On UD_French-GSD, when searching for POS of a dependent of the case relation with the request pattern { H -[case]-> D }, the clustering key D.upos reports 6 clusters and the clustering key D.ExtPos/upos reports the more regular set of 2 clusters .

#### Example with corrected features

This kind of clustering key can also be useful with features Correct{feature} (see UD guidelines). For instance on UD_French-GSD, with the request

pattern { N -[amod]-> A ; N.Gender <> A.Gender}


and the two clustering keys N.CorrectGender/Gender and A.CorrectGender/Gender , we can observe more in details the Gender agreement between two nodes related by amod: most of the case are link to typos, many of the other cases are annotation errors in version 2.11.

### Clustering on relative order of nodes

With a clustering key N1#N2#N3 where N1, N2 and N3 are nodes from the pattern part of the request, the occurrences are clustered according to the relative order of nodes and clusters are identified by N1 << N2 << N3, N2 << N1 << N3… This can be used with any number of nodes.

#### Example: Verb, Subject, Object ordering

On UD, with the request;

pattern {
V[upos=VERB];
V -[nsubj]-> S;
V -[obj]-> O;
}


and with the clustering key V#S#O, we can observe the occurrences of the 6 possible orders SVO, SOV… on UD_Latin-Perseus.

#### Example: positions of copula and adposition sharing the same head

pattern {
H [];
COP [upos=AUX]; H -[cop]-> COP;
ADP [upos=ADP]; H -[case|mark]-> ADP;
}


on UD_French-GSD with the clustering key H#COP#ADP.

• With the clustering key N1 -> N2, the occurrences are clustered according to the relation from N1 to N2; a cluster named __none__ gathers the cases when there is no relation from N1 to N2. If there is more than one such relations, another cluster __multi__ is added. Note that with dependency syntax, the cluster __multi__ will never appear, but it can appear in other context like enhanced UD or semantic graphs.

• With the clustering key N1 <-> N2, the occurrences are clustered according to the relation between N1 and N2 (whatever the direction); if the direction is from N2 to N1, the relation name is prefixed with minus sign like -nsubj or -mark:rel. A cluster named __none__ gathers the cases when there is no relation between N1 and N2. If there is more than one such relations, another cluster __multi__ is added.

### Annotation of a bigram DET NOUN

With a clutering key N2 -> N1 and the pattern:

pattern { N1 [upos=DET]; N2 [upos=NOUN]; N1 < N2 }


we can observe how the bigram is annotated: on UD_German-GSD.

#### Annotation of a bigram NOUN NOUN

With a clutering key N1 <-> N2 and the pattern:

pattern { N1 [upos=NOUN]; N2 [upos=NOUN]; N1 < N2 }


we can observe how the bigram NOUN-NOUN is annotated: in UD_English-GUM or in UD_Chinese-GSD.

## Clustering with a sub-request (whether)

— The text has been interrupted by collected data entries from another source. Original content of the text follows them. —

lemma is_monoid_M_words:
  assumes "W \<noteq> {}"
  shows "is_monoid (M_words W)"
proof -
  let ?M = "M_words W"
  have word_mult: "mult_of ?M (Some u) (Some v) = (if \<exists>x\<in>W. factor (u @ v) x then Some (u @ v) else None)"
    for u v
    by (simp add: M_words_def mult_of_def)
  have zero: "mult_of ?M None a = None" "mult_of ?M a None = None" for a
    by (simp_all add: M_words_def mult_of_def split: option.splits)
  have left: "mult_of ?M (mult_of ?M (Some u) (Some v)) (Some w) =
      (if \<exists>x\<in>W. factor (u @ v @ w) x then Some (u @ v @ w) else None)" for u v w
    using factor_appendD[of "u @ v" w] by (auto simp: word_mult zero)
  have right: "mult_of ?M (Some u) (mult_of ?M (Some v) (Some w)) =
      (if \<exists>x\<in>W. factor (u @ v @ w) x then Some (u @ v @ w) else None)" for u v w
    using factor_appendD[of u "v @ w"] by (auto simp: word_mult zero)
  have "mult_of ?M (mult_of ?M a b) c = mult_of ?M a (mult_of ?M b c)" for a b c
  proof (cases "a = None \<or> b = None \<or> c = None")
    case True
    then show ?thesis by (auto simp: zero)
  next
    case False
    then obtain u v w where "a = Some u" "b = Some v" "c = Some w" by auto
    then show ?thesis by (simp only: left right)
  qed
  moreover have "one_of ?M \<in> fst ?M"
    using assms factor_Nil by (auto simp: M_words_def one_of_def)
  moreover have "\<forall>a\<in>fst ?M. \<forall>b\<in>fst ?M. mult_of ?M a b \<in> fst ?M"
    by (auto simp: M_words_def mult_of_def split: option.splits)
  moreover have "\<forall>a\<in>fst ?M. mult_of ?M (one_of ?M) a = a \<and> mult_of ?M a (one_of ?M) = a"
    by (auto simp: M_words_def mult_of_def one_of_def split: option.splits)
  ultimately show ?thesis
    unfolding is_monoid_def by blast
qed

lemma factor_xyx_iff: "factor w [0, 1, 0] \<longleftrightarrow> w \<in> {[], [0], [1], [0, 1], [1, 0], [0, 1, 0]}"
proof
  assume "factor w [0, 1, 0]"
  then obtain p s where "[0, 1, 0] = p @ w @ s"
    unfolding factor_def by blast
  then show "w \<in> {[], [0], [1], [0, 1], [1, 0], [0, 1, 0]}"
    by (auto simp: Cons_eq_append_conv append_eq_Cons_conv)
next
  have "[0, 1, 0] = [] @ [0, 1, 0] @ []" "[0, 1, 0] = [] @ [0, 1] @ [0]" "[0, 1, 0] = [0] @ [1, 0] @ []"
    "[0, 1, 0] = [0] @ [1] @ [0]" "[0, 1, 0] = [] @ [0] @ [1, 0]" "[0, 1, 0] = [] @ [] @ [0, 1, 0::nat]"
    by simp_all
  then show "w \<in> {[], [0], [1], [0, 1], [1, 0], [0, 1, 0]} \<Longrightarrow> factor w [0, 1, 0]"
    unfolding factor_def by blast
qed

lemma M_xyx_simps:
  "fst M_xyx = {None, Some [], Some [0], Some [1], Some [0, 1], Some [1, 0], Some [0, 1, 0]}"
  "mult_of M_xyx a b = (case (a, b) of
     (Some u, Some v) \<Rightarrow> if u @ v \<in> {[], [0], [1], [0, 1], [1, 0], [0, 1, 0]} then Some (u @ v) else None
   | _ \<Rightarrow> None)"
  "one_of M_xyx = Some []"
  unfolding M_xyx_def M_words_def mult_of_def one_of_def using factor_xyx_iff
  by (auto split: option.splits)

lemma is_monoid_M_xyx: "is_monoid M_xyx"
  unfolding M_xyx_def by (rule is_monoid_M_words) simp

lemma None_is_zero_M_xyx: "None_is_zero M_xyx"
  unfolding None_is_zero_def M_xyx_simps by (auto split: option.splits)

section \<open>The monoid \<open>M\<^sub>\<gamma>(xx\<^sup>+yy\<^sup>+)\<close>\<close>

text \<open>
  A concrete copy of \<open>M\<^sub>\<gamma>(xx\<^sup>+yy\<^sup>+)\<close>: \<open>Some (i, j)\<close> stands for the \<open>\<gamma>\<close>-class of
  \<open>x\<^sup>iy\<^sup>j\<close>, where an exponent \<open>2\<close> stands for every exponent \<open>\<ge> 2\<close>.
\<close>

definition M_xy_trunc :: "(nat \<times> nat) option monoid_str" where
  "M_xy_trunc =
    ({None} \<union> Some ` ({0, 1, 2} \<times> {0, 1, 2}),
     (\<lambda>a b. case (a, b) of
        (Some (i, j), Some (k, l)) \<Rightarrow>
          if j = 0 \<or> k = 0 then Some (min 2 (i + k), min 2 (j + l)) else None
      | _ \<Rightarrow> None),
     Some (0, 0))"

lemma M_xy_trunc_simps:
  "fst M_xy_trunc = {None, Some (0, 0), Some (0, 1), Some (0, 2), Some (1, 0), Some (1, 1), Some (1, 2),
     Some (2, 0), Some (2, 1), Some (2, 2)}"
  "mult_of M_xy_trunc a b = (case (a, b) of
     (Some (i, j), Some (k, l)) \<Rightarrow> if j = 0 \<or> k = 0 then Some (min 2 (i + k), min 2 (j + l)) else None
   | _ \<Rightarrow> None)"
  "one_of M_xy_trunc = Some (0, 0)"
  unfolding M_xy_trunc_def mult_of_def one_of_def by auto

lemma is_monoid_M_xy_trunc: "is_monoid M_xy_trunc"
  unfolding is_monoid_def M_xy_trunc_simps by simp

lemma None_is_zero_M_xy_trunc: "None_is_zero M_xy_trunc"
  unfolding None_is_zero_def M_xy_trunc_simps by (auto split: option.splits)

definition blocks :: "nat list \<Rightarrow> word \<Rightarrow> word" where
  "blocks es xs = concat (map (\<lambda>(e, x). replicate e x) (zip es xs))"

lemma blocks_Cons: "blocks (e # es) (x # xs) = replicate e x @ blocks es xs"
  by (simp add: blocks_def)

lemma set_blocks:
  "length es = length xs \<Longrightarrow> \<forall>e\<in>set es. 1 \<le> e \<Longrightarrow> set (blocks es xs) = set xs"
proof (induction xs arbitrary: es)
  case Nil
  then show ?case by (simp add: blocks_def)
next
  case (Cons x xs)
  then obtain e es' where "es = e # es'"
    by (cases es) auto
  with Cons show ?case
    by (auto simp: blocks_Cons)
qed

lemma sorted_blocks:
  "length es = length xs \<Longrightarrow> \<forall>e\<in>set es. 1 \<le> e \<Longrightarrow> sorted (blocks es xs) = sorted xs"
proof (induction xs arbitrary: es)
  case Nil
  then show ?case by (simp add: blocks_def)
next
  case (Cons x xs)
  then obtain e es' where es: "es = e # es'" and "1 \<le> e"
    by (cases es) auto
  with Cons.prems have "sorted (blocks es' xs) = sorted xs" "set (blocks es' xs) = set xs"
    by (simp_all add: Cons.IH set_blocks)
  with \<open>1 \<le> e\<close> show ?case
    by (auto simp: es blocks_Cons sorted_append)
qed

lemma gamma_iff_blocks:
  "gamma u v \<longleftrightarrow> simple_letters u = simple_letters v \<and>
    (\<exists>xs es fs. length es = length xs \<and> length fs = length xs \<and>
      (\<forall>e\<in>set es. 1 \<le> e) \<and> (\<forall>f\<in>set fs. 1 \<le> f) \<and> u = blocks es xs \<and> v = blocks fs xs)"
  by (simp add: gamma_def blocks_def)

lemma gamma_blocksE:
  assumes "gamma u v"
  obtains xs es fs where "length es = length xs" "length fs = length xs"
    "\<forall>e\<in>set es. 1 \<le> e" "\<forall>f\<in>set fs. 1 \<le> f" "u = blocks es xs" "v = blocks fs xs"
  using assms unfolding gamma_iff_blocks by blast

lemma gamma_refl: "gamma u u"
proof -
  have "blocks (replicate (length u) 1) u = u"
    by (induction u) (simp_all add: blocks_Cons, simp add: blocks_def)
  then show ?thesis
    unfolding gamma_iff_blocks by (metis in_set_replicate length_replicate order_refl)
qed

lemma set_eq_if_gamma: "gamma u v \<Longrightarrow> set u = set v"
  by (elim gamma_blocksE) (simp add: set_blocks)

lemma min2_eq_iff: "min 2 a = min 2 (b :: nat) \<longleftrightarrow> (a = 0 \<longleftrightarrow> b = 0) \<and> (a = 1 \<longleftrightarrow> b = 1)"
  unfolding min_def by presburger

lemma count_list_replicate: "count_list (replicate n y) x = (if x = y then n else 0)"
  by (induction n) auto

lemma min2_count_list_eq_if_gamma:
  assumes "gamma u v"
  shows "min 2 (count_list u x) = min 2 (count_list v x)"
proof -
  have "count_list u x = 0 \<longleftrightarrow> count_list v x = 0"
    using set_eq_if_gamma[OF assms] by (simp add: count_list_0_iff)
  moreover have "count_list u x = 1 \<longleftrightarrow> count_list v x = 1"
    using assms unfolding gamma_def simple_letters_def by blast
  ultimately show ?thesis
    by (simp add: min2_eq_iff)
qed

text \<open>The words \<open>x\<^sup>ay\<^sup>b\<close>; their \<open>\<gamma>\<close>-classes are the nonzero elements of \<open>M\<^sub>\<gamma>(xx\<^sup>+yy\<^sup>+)\<close>.\<close>

definition xy_word :: "word \<Rightarrow> bool" where
  "xy_word w \<longleftrightarrow> set w \<subseteq> {0, 1} \<and> sorted w"

definition xy_type :: "word \<Rightarrow> nat \<times> nat" where
  "xy_type w = (min 2 (count_list w 0), min 2 (count_list w 1))"

lemma xy_type_eq_if_gamma: "gamma u v \<Longrightarrow> xy_type u = xy_type v"
  by (simp add: xy_type_def min2_count_list_eq_if_gamma)

lemma xy_word_if_gamma:
  assumes "gamma u v" "xy_word u"
  shows "xy_word v"
proof -
  obtain xs es fs where "length es = length xs" "length fs = length xs"
    "\<forall>e\<in>set es. 1 \<le> e" "\<forall>f\<in>set fs. 1 \<le> f" "u = blocks es xs" "v = blocks fs xs"
    using assms(1) by (rule gamma_blocksE)
  then have "sorted v = sorted u"
    by (simp add: sorted_blocks)
  then show ?thesis
    using assms set_eq_if_gamma[OF assms(1)] by (simp add: xy_word_def)
qed

lemma xy_word_eq_replicate:
  "xy_word w \<Longrightarrow> w = replicate (count_list w 0) 0 @ replicate (count_list w 1) 1"
proof (induction w)
  case Nil
  then show ?case by simp
next
  case (Cons a w)
  then have "xy_word w" and a: "a = 0 \<or> a = 1"
    by (auto simp: xy_word_def)
  show ?case
  proof (cases "a = 0")
    case True
    then show ?thesis using Cons.IH[OF \<open>xy_word w\<close>] by simp
  next
    case False
    with a Cons.prems have "a = 1" "0 \<notin> set w"
      by (auto simp: xy_word_def)
    then show ?thesis
      using Cons.IH[OF \<open>xy_word w\<close>] by (simp add: count_list_0_iff)
  qed
qed

lemma xy_word_eq_blocks:
  assumes "xy_word w"
  shows "w = blocks (map (count_list w) [k \<leftarrow> [0, 1]. k \<in> set w]) [k \<leftarrow> [0, 1]. k \<in> set w]"
proof -
  obtain a b where "w = replicate a 0 @ replicate b 1"
    using xy_word_eq_replicate[OF assms] by blast
  then show ?thesis
    by (cases "a = 0"; cases "b = 0") (simp_all add: blocks_def count_list_replicate)
qed

lemma gamma_if_xy_type_eq:
  assumes "xy_word u" "xy_word v" "xy_type u = xy_type v"
  shows "gamma u v"
proof -
  have min2: "min 2 (count_list u k) = min 2 (count_list v k)" for k
  proof -
    consider "k = 0" | "k = 1" | "k \<notin> set u" "k \<notin> set v"
      using assms(1,2) unfolding xy_word_def by blast
    then show ?thesis
      using assms(3) by cases (simp_all add: xy_type_def count_list_0_iff)
  qed
  then have zero_iff: "count_list u k = 0 \<longleftrightarrow> count_list v k = 0"
    and one_iff: "count_list u k = 1 \<longleftrightarrow> count_list v k = 1" for k
    by (simp_all add: min2_eq_iff)
  have "set u = set v"
  proof (rule set_eqI)
    show "k \<in> set u \<longleftrightarrow> k \<in> set v" for k
      using zero_iff[of k] by (simp add: count_list_0_iff)
  qed
  have "simple_letters u = simple_letters v"
    unfolding simple_letters_def using one_iff by blast
  define xs where "xs = [k \<leftarrow> [0, 1]. k \<in> set u]"
  have "u = blocks (map (count_list u) xs) xs"
    unfolding xs_def by (rule xy_word_eq_blocks[OF assms(1)])
  moreover have "v = blocks (map (count_list v) xs) xs"
    unfolding xs_def \<open>set u = set v\<close> by (rule xy_word_eq_blocks[OF assms(2)])
  moreover have "\<forall>e\<in>set (map (count_list w) xs). 1 \<le> e" if "set w = set u" for w
    using that count_list_0_iff[of w] by (auto simp: xs_def Suc_le_eq)
  ultimately show ?thesis
    using \<open>simple_letters u = simple_letters v\<close> \<open>set u = set v\<close>
    unfolding gamma_iff_blocks by (metis length_map)
qed

lemma gclass_xy_word:
  assumes "xy_word u"
  shows "gclass u = {v. xy_word v \<and> xy_type v = xy_type u}"
proof (intro set_eqI iffI)
  fix v
  assume "v \<in> gclass u"
  then have "gamma u v"
    by (simp add: gclass_def)
  then show "v \<in> {v. xy_word v \<and> xy_type v = xy_type u}"
    using assms xy_word_if_gamma xy_type_eq_if_gamma by simp
next
  fix v
  assume "v \<in> {v. xy_word v \<and> xy_type v = xy_type u}"
  then show "v \<in> gclass u"
    using gamma_if_xy_type_eq[OF assms] by (simp add: gclass_def)
qed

A whether sub-request contains a list of clauses (as in pattern, without or with constructions). The set of occurrences is split in two subsets:

• one tagged No corresponds to the subset of occurrences where the whether sub-request cannot not be fulfilled (the whether is interpreted like a without)
• one tagged Yes is the complementary of the No subset and so, corresponds to the occurrences where the sub-request can be matched (the whether is interpreted like a with)

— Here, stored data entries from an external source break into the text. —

lemma KRed_eq_pauli_diag:
  assumes "0 \<le> t"
  shows "KRed K t = pauli_diag (\<lambda>b. KRed_eigenvalue b t)"
proof (intro ext qop_eqI_pauli_coord)
  fix \<rho> and b :: nat
  assume "b \<le> 3"
  have "pauli_coord b (KRed K t \<rho>) = integral {0..t} (\<lambda>\<tau>. pauli_coord b (K \<tau> \<rho>))"
    unfolding KRed_def using integral_linear[OF K_int[OF assms] bounded_linear_pauli_coord]
    by (simp add: o_def)
  also have "\<dots> = integral {0..t} (\<lambda>\<tau>. \<Sum>a\<le>3. pauli_coord a \<rho> * kernel_coord a b \<tau>)"
    by (intro integral_cong) (simp add: pauli_coord_qlinear K_lin kernel_coord_def)
  also have "\<dots> = (\<Sum>a\<le>3. pauli_coord a \<rho> * integral {0..t} (kernel_coord a b))"
    using kernel_coord_integrable[OF assms]
    by (subst integral_sum) (simp_all add: integrable_on_mult_right)
  also have "\<dots> = of_real (KRed_eigenvalue b t) * pauli_coord b \<rho>"
    using le_3_cases[OF \<open>b \<le> 3\<close>] assms by (auto simp: integral_kernel_coord atMost_3)
  finally show "pauli_coord b (KRed K t \<rho>) = pauli_coord b (pauli_diag (\<lambda>b. KRed_eigenvalue b t) \<rho>)"
    using \<open>b \<le> 3\<close> by (simp add: pauli_coord_pauli_diag)
qed

end

lemma continuous_on_mTCL:
  assumes "\<forall>k\<in>{1,2,3}. continuous_on S (\<gamma> k)"
  shows "continuous_on S (mTCL \<gamma> b)"
proof -
  have "mTCL \<gamma> b = (if b = 1 then (\<lambda>t. - (\<gamma> 2 t + \<gamma> 3 t)) else if b = 2 then (\<lambda>t. - (\<gamma> 1 t + \<gamma> 3 t))
      else if b = 3 then (\<lambda>t. - (\<gamma> 1 t + \<gamma> 2 t)) else (\<lambda>t. 0))"
    by (auto simp: mTCL_def fun_eq_iff)
  then show ?thesis
    using assms by (auto intro!: continuous_intros)
qed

Note that no curly brackets are needed in the whether text area (see examples below).

### Examples

• Is advcl left-headed in UD_Hungarian-Szeged?
• In UD_English-GUM, how often the relation expl appear with or without an nsubj relation with the same head?
• In UD_French-GSD, there are 627 left-headed nsubj (or subtypes):
• How often is it in an interrogative sentences?
• How often is it in an relative clause?
• How often is there an expletive subject?